Seed having a mass of 1 kg of wheat (variety: Norin No. 61) was mixed into 100 ml of suspension water containing 5 g or 0.5 g of dichlobentiazox or isotianil (commercial Routine flowable was used, “Routine” is a registered trademark) and air-dried, and then, 15 seeds were sown in a plastic pot of 9 cm×9 cm containing horticultural soil and managed in a greenhouse. The number of emerged seeds was investigated 10 days after seeding, and an emergence rate was calculated (Examples 2 to 5). On day 49 after seeding, conidiospores of powdery mildew were sifted over leaves of wheat seedlings and inoculated onto the leaves, a lesion area ratio of powdery mildew in a first leaf was investigated 59 days after seeding according to the criteria in Table 1, and the degree of disease occurrence was calculated by the above calculation formula (1). The result of the emergence rate and the degree of disease occurrence of powdery mildew is shown in Table 3.
In wheat cultivated by treating seed with dichlobentiazox or isotianil, the disease occurrence was suppressed even under the condition where powdery mildew was artificially inoculated.
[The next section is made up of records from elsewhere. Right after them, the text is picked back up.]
lemma det_design_matrix_nonzero_iff:
  assumes fin: "finite F" and card_F: "card F = I + J - 1"
  shows "det (design_matrix I J F) \<noteq> 0 \<longleftrightarrow>
    (\<forall>c. (\<forall>k < I + J - 1. (\<Sum>d\<in>F. design_row I J d k * c d) = 0) \<longrightarrow> (\<forall>d\<in>F. c d = 0))"
proof -
  define n L where "n = card F" and "L = sorted_list_of_set F"
  let ?X = "transpose_mat (design_matrix I J F)"
  let ?v = "\<lambda>c. vec n (\<lambda>k. c (L ! k)) :: real vec"
  have X: "design_matrix I J F \<in> carrier_mat n n" using card_F by (simp add: design_matrix_def n_def)
  have L: "distinct L" "length L = n" "set L = F" using fin by (simp_all add: L_def n_def)
  have kernel: "?X *\<^sub>v ?v c = 0\<^sub>v n \<longleftrightarrow> (\<forall>k < I + J - 1. (\<Sum>d\<in>F. design_row I J d k * c d) = 0)" for c
  proof -
    have "(?X *\<^sub>v ?v c) $ k = (\<Sum>d\<in>F. design_row I J d k * c d)" if "k < n" for k
      using that card_F sum_sorted_list_of_set_nth[OF fin, of "\<lambda>d. design_row I J d k * c d"]
      by (simp add: design_matrix_def scalar_prod_def atLeast0LessThan n_def L_def)
    then show ?thesis using X card_F by (auto simp: vec_eq_iff n_def)
  qed
  have every_vec: "\<exists>c. v = ?v c" if "v \<in> carrier_vec n" for v
  proof
    have "inj_on (nth L) {..<n}" using L by (simp add: inj_on_nth)
    then show "v = ?v (\<lambda>d. v $ the_inv_into {..<n} (nth L) d)"
      using that by (auto simp: vec_eq_iff the_inv_into_f_f)
  qed
  have zero: "?v c = 0\<^sub>v n \<longleftrightarrow> (\<forall>d\<in>F. c d = 0)" for c
    using L by (auto simp: vec_eq_iff) (metis in_set_conv_nth)
  have "det (design_matrix I J F) \<noteq> 0 \<longleftrightarrow> det ?X \<noteq> 0"
    using det_transpose[OF X] by simp
  also have "\<dots> \<longleftrightarrow> (\<forall>v \<in> carrier_vec n. ?X *\<^sub>v v = 0\<^sub>v n \<longrightarrow> v = 0\<^sub>v n)"
    using det_0_iff_vec_prod_zero[of ?X n] X by auto
  also have "\<dots> \<longleftrightarrow> (\<forall>c. ?X *\<^sub>v ?v c = 0\<^sub>v n \<longrightarrow> ?v c = 0\<^sub>v n)"
    using every_vec by (metis vec_carrier)
  finally show ?thesis by (simp only: kernel zero)
qed

lemma saturated_iff_margin_independent:
  assumes "F \<subseteq> {1..I} \<times> {1..J}" "1 \<le> I" "1 \<le> J"
  shows "saturated I J F \<longleftrightarrow> card F = I + J - 1 \<and> margin_independent F"
  using det_design_matrix_nonzero_iff[of F I J] design_kernel_iff_zero_margin_weighting[OF assms]
    finite_subset[OF assms(1)]
  by (auto simp: saturated_def margin_independent_def)

section \<open>Counting by removal of a leaf\<close>

definition indep_fractions ::
    "nat set \<Rightarrow> nat set \<Rightarrow> (nat \<Rightarrow> nat) \<Rightarrow> (nat \<Rightarrow> nat) \<Rightarrow> (nat \<times> nat) set set" where
  "indep_fractions A B mA mB =
     {F. F \<subseteq> A \<times> B \<and> margin_independent F
         \<and> (\<forall>i\<in>A. margin_A F i = mA i) \<and> (\<forall>j\<in>B. margin_B F j = mB j)}"

definition admissible_margins :: "nat set \<Rightarrow> nat set \<Rightarrow> (nat \<Rightarrow> nat) \<Rightarrow> (nat \<Rightarrow> nat) \<Rightarrow> bool" where
  "admissible_margins A B mA mB \<longleftrightarrow>
     finite A \<and> finite B \<and> A \<noteq> {} \<and> B \<noteq> {} \<and> (\<forall>i\<in>A. 0 < mA i) \<and> (\<forall>j\<in>B. 0 < mB j)
     \<and> sum mA A = card A + card B - 1 \<and> sum mB B = card A + card B - 1"

lemma admissible_margins_swap:
  "admissible_margins A B mA mB \<Longrightarrow> admissible_margins B A mB mA"
  unfolding admissible_margins_def by (auto simp: add.commute)

lemma finite_indep_fractions: "finite A \<Longrightarrow> finite B \<Longrightarrow> finite (indep_fractions A B mA mB)"
  unfolding indep_fractions_def by (rule finite_subset[of _ "Pow (A \<times> B)"]) auto

lemma card_indep_fractions_swap:
  assumes "finite A" "finite B"
  shows "card (indep_fractions B A mB mA) = card (indep_fractions A B mA mB)"
proof -
  have "indep_fractions B A mB mA = image prod.swap ` indep_fractions A B mA mB"
  proof (intro equalityI subsetI)
    fix F assume "F \<in> indep_fractions B A mB mA"
    then have "prod.swap ` F \<in> indep_fractions A B mA mB"
      by (auto simp: indep_fractions_def margin_independent_swap margin_A_swap margin_B_swap)
    moreover have "F = prod.swap ` (prod.swap ` F)" by (simp add: image_image)
    ultimately show "F \<in> image prod.swap ` indep_fractions A B mA mB" by blast
  qed (auto simp: indep_fractions_def margin_independent_swap margin_A_swap margin_B_swap)
  moreover have "inj (image (prod.swap :: nat \<times> nat \<Rightarrow> nat \<times> nat))"
    by (rule injI) (simp add: inj_image_eq_iff)
  ultimately show ?thesis by (metis card_image inj_on_subset subset_UNIV)
qed

lemma insert_leaf_mem_indep_fractions_iff:
  assumes fin: "finite A" "finite B" and sub: "F \<subseteq> A \<times> (B - {j})"
    and i: "i \<in> A" "0 < mA i" and j: "j \<in> B" "mB j = 1"
  shows "insert (i, j) F \<in> indep_fractions A B mA mB
     \<longleftrightarrow> F \<in> indep_fractions A (B - {j}) (mA(i := mA i - 1)) mB"
proof -
  have finF: "finite F" using fin sub finite_subset by blast
  have leaf: "\<forall>d\<in>F. snd d \<noteq> j" and new: "(i, j) \<notin> F" using sub by auto
  have "{d\<in>F. snd d = j} = {}" using leaf by auto
  then have "margin_B F j = 0" by (metis card.empty margin_B_def)
  then have "(\<forall>y\<in>B. margin_B (insert (i, j) F) y = mB y) \<longleftrightarrow> (\<forall>y\<in>B - {j}. margin_B F y = mB y)"
    using j by (auto simp: margin_B_insert[OF finF new])
  moreover have "(\<forall>x\<in>A. margin_A (insert (i, j) F) x = mA x)
      \<longleftrightarrow> (\<forall>x\<in>A. margin_A F x = (mA(i := mA i - 1)) x)"
    using i by (auto simp: margin_A_insert[OF finF new])
  ultimately show ?thesis
    using sub i j margin_independent_insert_leaf[OF finF leaf]
    by (auto simp: indep_fractions_def)
qed

lemma indep_fractions_leaf_column:
  assumes fin: "finite A" "finite B" and pos: "\<forall>i\<in>A. 0 < mA i" and j: "j \<in> B" "mB j = 1"
  shows "indep_fractions A B mA mB
     = (\<Union>i\<in>A. insert (i, j) ` indep_fractions A (B - {j}) (mA(i := mA i - 1)) mB)"
proof (intro equalityI subsetI)
  fix F assume F: "F \<in> indep_fractions A B mA mB"
  then have sub: "F \<subseteq> A \<times> B" and card_col: "card {d\<in>F. snd d = j} = 1"
    using j by (auto simp: indep_fractions_def margin_B_def)
  from card_col obtain d where d: "{d'\<in>F. snd d' = j} = {d}"
    by (rule card_1_singletonE)
  define i where "i = fst d"
  have "d = (i, j)" "d \<in> F" using d by (auto simp: i_def)
  then have F_eq: "F = insert (i, j) (F - {(i, j)})" and i: "i \<in> A"
    and rest: "F - {(i, j)} \<subseteq> A \<times> (B - {j})"
    using sub d by auto
  have "F - {(i, j)} \<in> indep_fractions A (B - {j}) (mA(i := mA i - 1)) mB"
    using insert_leaf_mem_indep_fractions_iff[where mA = mA and mB = mB and j = j,
        OF fin rest i pos[rule_format, OF i] j] F F_eq
    by simp
  with i F_eq show "F \<in> (\<Union>i\<in>A. insert (i, j) ` indep_fractions A (B - {j}) (mA(i := mA i - 1)) mB)"
    by blast
next
  fix F assume "F \<in> (\<Union>i\<in>A. insert (i, j) ` indep_fractions A (B - {j}) (mA(i := mA i - 1)) mB)"
  then obtain i F' where i: "i \<in> A" and F: "F = insert (i, j) F'"
    and F': "F' \<in> indep_fractions A (B - {j}) (mA(i := mA i - 1)) mB" by blast
  then have "F' \<subseteq> A \<times> (B - {j})" by (simp add: indep_fractions_def)
  then show "F \<in> indep_fractions A B mA mB"
    using insert_leaf_mem_indep_fractions_iff[where mA = mA and mB = mB and j = j,
        OF fin _ i pos[rule_format, OF i] j] F F'
    by simp
qed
Seed having a mass of 1 kg of wheat (variety: Norin No. 61) was mixed into 100 ml of suspension water containing 5 g or 0.5 g of dichlobentiazox or isotianil and air-dried, and then, 12 seeds were sown in a plastic cup having a diameter of 6 cm containing river sand and managed in a greenhouse. The number of emerged seeds was investigated nine days after seeding, and an emergence rate was calculated (Examples 6 to 9). In Comparative Examples 6 to 9, 20 ml of suspension water of an active ingredient, which had been adjusted to have a concentration shown in Table 4, was sprayed in a frame of 45 cm×45 cm in which a pot of wheat seedlings was placed (corresponding to 1000 L/ha) 14 days after seeding. On day 14 after seeding, conidiospores of powdery mildew were sifted over leaves of wheat seedlings and inoculated onto the leaves (after the sprayed liquid was dried in the case of Comparative Examples), a lesion area ratio of powdery mildew in a first leaf was investigated 19 days after seeding according to the criteria in Table 1, and the degree of disease occurrence was calculated by the above calculation formula (1). The result of the emergence rate and the degree of disease occurrence of powdery mildew is shown in Table 4.
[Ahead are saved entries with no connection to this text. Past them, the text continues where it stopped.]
lemma chain_antimono_le:
  fixes f :: "nat \<Rightarrow> 'a::order"
  assumes "\<forall>t\<in>{a..<j}. f (Suc t) \<le> f t" "a \<le> b" "b \<le> j"
  shows "f j \<le> f b"
  using assms(3,1)
proof (induction j rule: dec_induct)
  case (step n)
  have "f n \<le> f b" using step.IH step.prems by simp
  moreover have "f (Suc n) \<le> f n" using step.prems step.hyps(1) assms(2) by simp
  ultimately show ?case by (meson order_trans)
qed simp

lemma sum_blk:
  assumes "\<forall>t<j. i t \<le> i (Suc t)"
  shows "(\<Sum>t\<in>{1..j}. blk i t k) = (if i 0 < k \<and> k \<le> i j then 1 else 0)"
  using assms
proof (induction j)
  case (Suc j)
  have "i 0 \<le> i j" "i j \<le> i (Suc j)" using chain_mono_le[OF Suc.prems, of 0 j] Suc.prems by auto
  then show ?case using Suc by (auto simp: blk_def)
qed simp

lemma support_block_exponent:
  assumes "i 0 = 0" "\<forall>t<j. i t \<le> i (Suc t)"
  shows "{k. (\<Sum>t\<in>{1..j - 1}. f t * blk i t k) \<noteq> 0} \<subseteq> {1..i j}"
proof
  fix k assume "k \<in> {k. (\<Sum>t\<in>{1..j - 1}. f t * blk i t k) \<noteq> 0}"
  then obtain t where "t \<in> {1..j - 1}" "blk i t k \<noteq> 0" by (auto elim: sum.not_neutral_contains_not_neutral)
  then have "(\<Sum>t\<in>{1..j}. blk i t k) \<noteq> 0" by (auto simp: sum_eq_0_iff)
  then show "k \<in> {1..i j}" using sum_blk[OF assms(2), of k] assms(1) by (auto split: if_splits)
qed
in the case of treating seed with dichlobentiazox or isotianil, the disease occurrence of powdery mildew was suppressed lower than the case of spraying dichlobentiazox or isotianil on foliage during a growing period.
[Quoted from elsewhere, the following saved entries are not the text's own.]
(* In the standing setup, assume $A$ is generic and $\det f_0'(x)$ is not identically zero. Then $p_0=q_1+q_2+q_3$. Define $s_1=1-2\varepsilon^2(q_2+q_3)$, $s_2=1-2\varepsilon^2(q_1+q_3)$, $s_3=1-2\varepsilon^2(q_1+q_2)$, $s_0=1$, and (for $\varepsilon\ne0$) $P_0=\tfrac14\big(\tfrac1{s_0}+\tfrac1{s_1}+\tfrac1{s_2}+\tfrac1{s_3}\big)$, $Q_1=\tfrac1{4\varepsilon^2}\big(-\tfrac1{s_0}-\tfrac1{s_1}+\tfrac1{s_2}+\tfrac1{s_3}\big)$, $Q_2=\tfrac1{4\varepsilon^2}\big(-\tfrac1{s_0}+\tfrac1{s_1}-\tfrac1{s_2}+\tfrac1{s_3}\big)$, $Q_3=\tfrac1{4\varepsilon^2}\big(-\tfrac1{s_0}+\tfrac1{s_1}+\tfrac1{s_2}-\tfrac1{s_3}\big)$. Then at every $x$ with $s_1(x,\varepsilon)s_2(x,\varepsilon)s_3(x,\varepsilon)\neq0$, the matrix $\Pi(x)=J-\varepsilon^2(f_0'(x))^2J$ is invertible and $$\Pi(x)^{-1}=-P_0(x,\varepsilon)J-\varepsilon^2\sum_{i=1}^3Q_i(x,\varepsilon)B_iJ.$$
   Context: Standing setup: $J=\begin{pmatrix}0&I_3\\-I_3&0\end{pmatrix}$ ($6\times6$). $A$ is a fixed real $6\times 6$ skew-Hamiltonian matrix ($A^{\rm T}J=JA$). $H_0$ is a homogeneous cubic polynomial on $\mathbb R^6$ with $A\nabla^2H_0(x)=\nabla^2H_0(x)A^{\rm T}$ for all $x$ ($\nabla^2$ = Hesse matrix), $f_0=J\nabla H_0$, with Jacobi matrix $f_0'$. Genericity: the characteristic polynomial of $A$ (a square of a cubic) has three pairwise distinct roots $\lambda_1,\lambda_2,\lambda_3$, each a double eigenvalue. $B_i=\alpha_iI+\beta_iA+\gamma_iA^2$ ($i=1,2,3$), where $\alpha_i+\beta_i\lambda+\gamma_i\lambda^2$ is the unique polynomial of degree $\le2$ equal to $-1$ at $\lambda_i$ and to $1$ at the other two eigenvalues. $p_0(x)=\tfrac18\operatorname{tr}(f_0'(x))^2$, $q_i(x)=\tfrac18\operatorname{tr}(B_i^{\rm T}(f_0'(x))^2)$. *)

theory Defs
  imports "HOL-Analysis.Analysis"
begin

type_synonym rvec = "real ^ 6"
type_synonym rmat = "real ^ 6 ^ 6"
type_synonym cmat = "complex ^ 6 ^ 6"

text \<open>Indices of type 6 are represented by 0..5 via Rep_bit0; indices 0,1,2 are q, 3,4,5 are p.
  J = [[0, I3], [-I3, 0]].\<close>
definition Jmat :: "'a::ring_1 ^ 6 ^ 6" where
  "Jmat = (\<chi> i j. if Rep_bit0 j = Rep_bit0 i + 3 then 1
                   else if Rep_bit0 i = Rep_bit0 j + 3 then - 1 else 0)"

definition partial :: "(real ^ 6 \<Rightarrow> real) \<Rightarrow> 6 \<Rightarrow> real ^ 6 \<Rightarrow> real" where
  "partial F i x = deriv (\<lambda>t. F (x + t *\<^sub>R axis i 1)) 0"

definition grad :: "(real ^ 6 \<Rightarrow> real) \<Rightarrow> real ^ 6 \<Rightarrow> real ^ 6" where
  "grad F x = (\<chi> i. partial F i x)"

definition jacobian :: "(real ^ 6 \<Rightarrow> real ^ 6) \<Rightarrow> real ^ 6 \<Rightarrow> real ^ 6 ^ 6" where
  "jacobian F x = (\<chi> i j. partial (\<lambda>y. F y $ i) j x)"

definition hesse :: "(real ^ 6 \<Rightarrow> real) \<Rightarrow> real ^ 6 \<Rightarrow> real ^ 6 ^ 6" where
  "hesse F x = jacobian (grad F) x"

definition homogeneous_cubic :: "(real ^ 6 \<Rightarrow> real) \<Rightarrow> bool" where
  "homogeneous_cubic H \<longleftrightarrow> (\<exists>c :: 6 \<Rightarrow> 6 \<Rightarrow> 6 \<Rightarrow> real.
      \<forall>x. H x = (\<Sum>i\<in>UNIV. \<Sum>j\<in>UNIV. \<Sum>k\<in>UNIV. c i j k * x $ i * x $ j * x $ k))"

definition skew_hamiltonian :: "real ^ 6 ^ 6 \<Rightarrow> bool" where
  "skew_hamiltonian A \<longleftrightarrow> transpose A ** Jmat = Jmat ** A"

definition cpx :: "real ^ 6 ^ 6 \<Rightarrow> complex ^ 6 ^ 6" where
  "cpx M = (\<chi> i j. complex_of_real (M $ i $ j))"

definition cscale :: "complex \<Rightarrow> complex ^ 6 ^ 6 \<Rightarrow> complex ^ 6 ^ 6" where
  "cscale c M = (\<chi> i j. c * M $ i $ j)"

definition f0 :: "(real ^ 6 \<Rightarrow> real) \<Rightarrow> real ^ 6 \<Rightarrow> real ^ 6" where
  "f0 H x = Jmat *v grad H x"

definition f0' :: "(real ^ 6 \<Rightarrow> real) \<Rightarrow> real ^ 6 \<Rightarrow> real ^ 6 ^ 6" where
  "f0' H x = jacobian (f0 H) x"

definition Bmat :: "real ^ 6 ^ 6 \<Rightarrow> complex \<Rightarrow> complex \<Rightarrow> complex \<Rightarrow> complex ^ 6 ^ 6" where
  "Bmat A a b c = cscale a (mat 1) + cscale b (cpx A) + cscale c (cpx (A ** A))"

definition p0 :: "(real ^ 6 \<Rightarrow> real) \<Rightarrow> real ^ 6 \<Rightarrow> real" where
  "p0 H x = trace (f0' H x ** f0' H x) / 8"

definition qfun :: "complex ^ 6 ^ 6 \<Rightarrow> (real ^ 6 \<Rightarrow> real) \<Rightarrow> real ^ 6 \<Rightarrow> complex" where
  "qfun Bi H x = trace (transpose Bi ** cpx (f0' H x ** f0' H x)) / 8"

end

theory Submission
  imports Defs
begin

text \<open>Over \<open>\<complex>\<close>, a \<open>6 \<times> 6\<close> skew-Hamiltonian matrix \<open>X\<close> satisfies a cubic Cayley--Hamilton
  identity \<open>X\<^sup>3 = e\<^sub>1 X\<^sup>2 - e\<^sub>2 X + e\<^sub>3\<close> with coefficients polynomial in traces (its characteristic
  polynomial is a square). For \<open>A\<close> the roots of this cubic are \<open>\<lambda>\<^sub>1, \<lambda>\<^sub>2, \<lambda>\<^sub>3\<close>, so the Lagrange
  polynomials \<open>P\<^sub>j = (I - B\<^sub>j)/2\<close> of \<open>A\<close> are its spectral projections: \<open>A P\<^sub>j = \<lambda>\<^sub>j P\<^sub>j\<close>,
  \<open>P\<^sub>1 + P\<^sub>2 + P\<^sub>3 = I\<close> and \<open>tr P\<^sub>j = 2\<close>.

  Since \<open>f\<^sub>0' = J S\<close> with \<open>S\<close> the symmetric Hesse matrix and \<open>A S = S A\<^sup>T\<close>, the matrix
  \<open>N = S J S J\<close> is skew-Hamiltonian, commutes with \<open>A\<close> and has transpose \<open>(f\<^sub>0')\<^sup>2\<close>. Polarizing the
  cubic identity in the direction of \<open>N\<close> shows that \<open>N\<close> acts on each eigenspace of \<open>A\<close> as a scalar
  \<open>c\<^sub>j\<close>. Now \<open>q\<^sub>i = tr (N B\<^sub>i) / 8\<close>, whence \<open>q\<^sub>1 + q\<^sub>2 + q\<^sub>3 = tr N / 8 = p\<^sub>0\<close> and
  \<open>c\<^sub>1 = 2 (q\<^sub>2 + q\<^sub>3)\<close> etc., i.e. \<open>I - \<epsilon>\<^sup>2 N = \<Sum> s\<^sub>j P\<^sub>j\<close>. Complexified, \<open>\<Pi> = J (I - \<epsilon>\<^sup>2 N)\<close>,
  so \<open>\<Pi>\<^sup>-\<^sup>1 = - (\<Sum> P\<^sub>j / s\<^sub>j) J\<close>, which is the stated combination of the \<open>B\<^sub>i J\<close>.\<close>

lemma exhaust_6:
  fixes x :: 6
  shows "x = 0 \<or> x = 1 \<or> x = 2 \<or> x = 3 \<or> x = 4 \<or> x = 5"
proof (induct x)
  case (of_int z)
  then have "z = 0 \<or> z = 1 \<or> z = 2 \<or> z = 3 \<or> z = 4 \<or> z = 5" by fastforce
  then show ?case by auto
qed

lemma forall_6: "(\<forall>i::6. P i) \<longleftrightarrow> P 0 \<and> P 1 \<and> P 2 \<and> P 3 \<and> P 4 \<and> P 5"
  by (metis exhaust_6)

lemma sum_6: "sum f (UNIV::6 set) = f 0 + f 1 + f 2 + f 3 + f 4 + f 5"
proof -
  have UNIV_6: "UNIV = {0, 1, 2, 3, 4, 5::6}" using exhaust_6 by auto
  show ?thesis unfolding UNIV_6 by (simp add: add.assoc)
qed

lemma Rep_bit0_6:
  "Rep_bit0 (0::6) = 0" "Rep_bit0 (1::6) = 1" "Rep_bit0 (2::6) = 2"
  "Rep_bit0 (3::6) = 3" "Rep_bit0 (4::6) = 4" "Rep_bit0 (5::6) = 5"
  by (simp_all add: bit0.Rep_numeral bit0.Rep_0 bit0.Rep_1)

lemma Jmat_entries: "Jmat $ i $ j = (if Rep_bit0 j = Rep_bit0 i + 3 then 1
    else if Rep_bit0 i = Rep_bit0 j + 3 then - 1 else 0)"
  by (simp add: Jmat_def)

lemma Jmat_squared: "(Jmat :: 'a::ring_1^6^6) ** Jmat = - mat 1"
  unfolding vec_eq_iff forall_6
  by (simp add: matrix_matrix_mult_def sum_6 Jmat_entries Rep_bit0_6 mat_def)

lemma transpose_Jmat: "transpose (Jmat :: 'a::ring_1^6^6) = - Jmat"
  unfolding vec_eq_iff forall_6 by (simp add: transpose_def Jmat_entries Rep_bit0_6)

lemma matrix_add_rdistrib: "((A::'a::semiring_1^'n^'m) + B) ** C = A ** C + B ** C"
  by (simp add: matrix_matrix_mult_def vec_eq_iff distrib_right sum.distrib)

lemma matrix_diff_ldistrib: "(A::'a::ring_1^'n^'m) ** (B - C) = A ** B - A ** C"
  by (simp add: matrix_matrix_mult_def vec_eq_iff right_diff_distrib sum_subtractf)

lemma matrix_diff_rdistrib: "((A::'a::ring_1^'n^'m) - B) ** C = A ** C - B ** C"
  by (simp add: matrix_matrix_mult_def vec_eq_iff left_diff_distrib sum_subtractf)

lemma matrix_minus_left: "(- (A::'a::ring_1^'n^'m)) ** B = - (A ** B)"
  by (simp add: matrix_matrix_mult_def vec_eq_iff sum_negf)

lemma matrix_minus_right: "(A::'a::ring_1^'n^'m) ** (- B) = - (A ** B)"
  by (simp add: matrix_matrix_mult_def vec_eq_iff sum_negf)

lemma trace_transpose: "trace (transpose (X::'a::semiring_1^'n^'n)) = trace X"
  by (simp add: trace_def transpose_def)

lemma det_mat: "det (mat c :: 'a::comm_ring_1^'n^'n) = c ^ CARD('n)"
  by (subst det_diagonal) (simp_all add: mat_def)

lemma cscale_mult_left: "cscale c X ** Y = cscale c (X ** Y)"
  by (simp add: cscale_def matrix_matrix_mult_def vec_eq_iff sum_distrib_left mult.assoc)

lemma cscale_mult_right: "X ** cscale c Y = cscale c (X ** Y)"
  by (simp add: cscale_def matrix_matrix_mult_def vec_eq_iff sum_distrib_left mult.left_commute)

lemma cscale_add_right: "cscale c (X + Y) = cscale c X + cscale c Y"
  by (simp add: cscale_def vec_eq_iff distrib_left)

lemma cscale_diff_right: "cscale c (X - Y) = cscale c X - cscale c Y"
  by (simp add: cscale_def vec_eq_iff right_diff_distrib)

lemma cscale_add_left: "cscale (c + d) X = cscale c X + cscale d X"
  by (simp add: cscale_def vec_eq_iff distrib_right)

lemma cscale_diff_left: "cscale (c - d) X = cscale c X - cscale d X"
  by (simp add: cscale_def vec_eq_iff left_diff_distrib)

lemma cscale_minus_left: "cscale (- c) X = - cscale c X"
  by (simp add: cscale_def vec_eq_iff)

lemma cscale_cscale: "cscale c (cscale d X) = cscale (c * d) X"
  by (simp add: cscale_def vec_eq_iff mult.assoc)

lemma cscale_one [simp]: "cscale 1 X = X"
  by (simp add: cscale_def vec_eq_iff)

lemma cscale_zero [simp]: "cscale 0 X = 0"
  by (simp add: cscale_def vec_eq_iff)

lemma mat_eq_cscale: "mat c = cscale c (mat 1)"
  by (simp add: cscale_def vec_eq_iff mat_def)

lemma trace_cscale: "trace (cscale c X) = c * trace X"
  by (simp add: cscale_def trace_def sum_distrib_left)

lemmas cscale_simps = cscale_mult_left cscale_mult_right cscale_add_right cscale_diff_right
  cscale_add_left cscale_diff_left cscale_minus_left cscale_cscale

lemma cpx_mult: "cpx (X ** Y) = cpx X ** cpx Y"
  by (simp add: cpx_def matrix_matrix_mult_def vec_eq_iff)

lemma cpx_transpose: "cpx (transpose X) = transpose (cpx X)"
  by (simp add: cpx_def transpose_def vec_eq_iff)

lemma cpx_diff: "cpx (X - Y) = cpx X - cpx Y"
  by (simp add: cpx_def vec_eq_iff)

lemma cpx_scaleR: "cpx (r *\<^sub>R X) = cscale (complex_of_real r) (cpx X)"
  by (simp add: cpx_def cscale_def vec_eq_iff)

lemma cpx_mat: "cpx (mat 1) = mat 1"
  by (simp add: cpx_def mat_def vec_eq_iff)

lemma cpx_Jmat: "cpx Jmat = Jmat"
  by (simp add: cpx_def Jmat_def vec_eq_iff)

lemma trace_cpx: "trace (cpx X) = complex_of_real (trace X)"
  by (simp add: cpx_def trace_def)

lemma det_cpx: "det (cpx X) = complex_of_real (det X)"
  by (simp add: cpx_def det_def of_real_sum of_real_prod)

lemma invertible_cpx_right_inverse:
  assumes R: "cpx M ** R = mat 1"
  shows "invertible M \<and> cpx (matrix_inv M) = R"
proof
  have "det (cpx M) * det R = 1" using R by (metis det_mul det_I)
  then show inv: "invertible M" by (auto simp: invertible_det_nz det_cpx)
  then have "matrix_inv M ** M = mat 1"
    unfolding invertible_def matrix_inv_def by (rule someI2_ex) blast
  then have "cpx (matrix_inv M) ** cpx M = mat 1" by (metis cpx_mult cpx_mat)
  then show "cpx (matrix_inv M) = R"
    by (metis R matrix_mul_assoc matrix_mul_lid matrix_mul_rid)
qed

section \<open>Skew-Hamiltonian matrices\<close>

definition skew_hamiltonian_matrix :: "'a::comm_ring_1^6^6 \<Rightarrow> bool" where
  "skew_hamiltonian_matrix X \<longleftrightarrow> transpose X ** Jmat = Jmat ** X"

text \<open>In \<open>3 \<times> 3\<close> blocks, \<open>X = [[E, F], [G, E\<^sup>T]]\<close> with \<open>F\<close> and \<open>G\<close> skew-symmetric.\<close>

lemma skew_hamiltonian_matrix_entries:
  fixes X :: "complex^6^6"
  assumes "skew_hamiltonian_matrix X"
  shows "X$0$3 = 0" "X$1$4 = 0" "X$2$5 = 0" "X$1$3 = - X$0$4" "X$2$3 = - X$0$5" "X$2$4 = - X$1$5"
        "X$3$0 = 0" "X$4$1 = 0" "X$5$2 = 0" "X$3$1 = - X$4$0" "X$3$2 = - X$5$0" "X$4$2 = - X$5$1"
        "X$3$3 = X$0$0" "X$3$4 = X$1$0" "X$3$5 = X$2$0"
        "X$4$3 = X$0$1" "X$4$4 = X$1$1" "X$4$5 = X$2$1"
        "X$5$3 = X$0$2" "X$5$4 = X$1$2" "X$5$5 = X$2$2"
proof -
  have e: "(transpose X ** Jmat) $ i $ j = (Jmat ** X) $ i $ j" for i j
    using assms by (simp add: skew_hamiltonian_matrix_def)
  note entries = matrix_matrix_mult_def transpose_def sum_6 Jmat_entries Rep_bit0_6
  show "X$0$3 = 0" "X$1$4 = 0" "X$2$5 = 0" "X$1$3 = - X$0$4" "X$2$3 = - X$0$5" "X$2$4 = - X$1$5"
        "X$3$0 = 0" "X$4$1 = 0" "X$5$2 = 0" "X$3$1 = - X$4$0" "X$3$2 = - X$5$0" "X$4$2 = - X$5$1"
        "X$3$3 = X$0$0" "X$3$4 = X$1$0" "X$3$5 = X$2$0"
        "X$4$3 = X$0$1" "X$4$4 = X$1$1" "X$4$5 = X$2$1"
        "X$5$3 = X$0$2" "X$5$4 = X$1$2" "X$5$5 = X$2$2"
    using e[of 3 3] e[of 4 4] e[of 5 5] e[of 3 4] e[of 3 5] e[of 4 5]
      e[of 0 0] e[of 1 1] e[of 2 2] e[of 0 1] e[of 0 2] e[of 1 2]
      e[of 0 3] e[of 0 4] e[of 0 5] e[of 1 3] e[of 1 4] e[of 1 5] e[of 2 3] e[of 2 4] e[of 2 5]
    by (simp_all add: entries)
qed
Seed having a mass of 1 kg of wheat (variety: Norin No. 61) was mixed into 100 ml of suspension water containing 0.5 g of the above compound (6) or compound (3) (synthesis was performed in accordance with a known method, formulated 10% wettable powder was used) and air-dried, and then, 12 seeds were sown in a plastic cup having a diameter of 6 cm containing river sand and managed in a greenhouse. The number of emerged seeds was investigated nine days after seeding, and an emergence rate was calculated (Examples 10 and 11). In Comparative Example 11 and Comparative Example 12, 20 ml of suspension water of an active ingredient, which had been adjusted to have a concentration shown in Table 5, was sprayed in a frame of 45 cm×45 cm in which a pot of wheat seedlings was placed (corresponding to 1000 L/ha) 15 days after seeding. On day 15 after seeding, conidiospores of powdery mildew were sifted over leaves of wheat seedlings and inoculated onto the leaves (after the sprayed liquid was dried in the case of Comparative Examples), a lesion area ratio of powdery mildew in a first leaf was investigated 22 days after seeding according to the criteria in Table 1, and the degree of disease occurrence was calculated by the above calculation formula (1). The result of the emergence rate and the degree of disease occurrence of powdery mildew is shown in Table 5.
In the case of treating seed with the 3,4-dichloroisothiazole derivative of the compound (6) or (3), the disease occurrence of powdery mildew was suppressed lower than the case of spraying the 3,4-dichloroisothiazole derivative of the compound (6) or (3) on foliage during a growing period.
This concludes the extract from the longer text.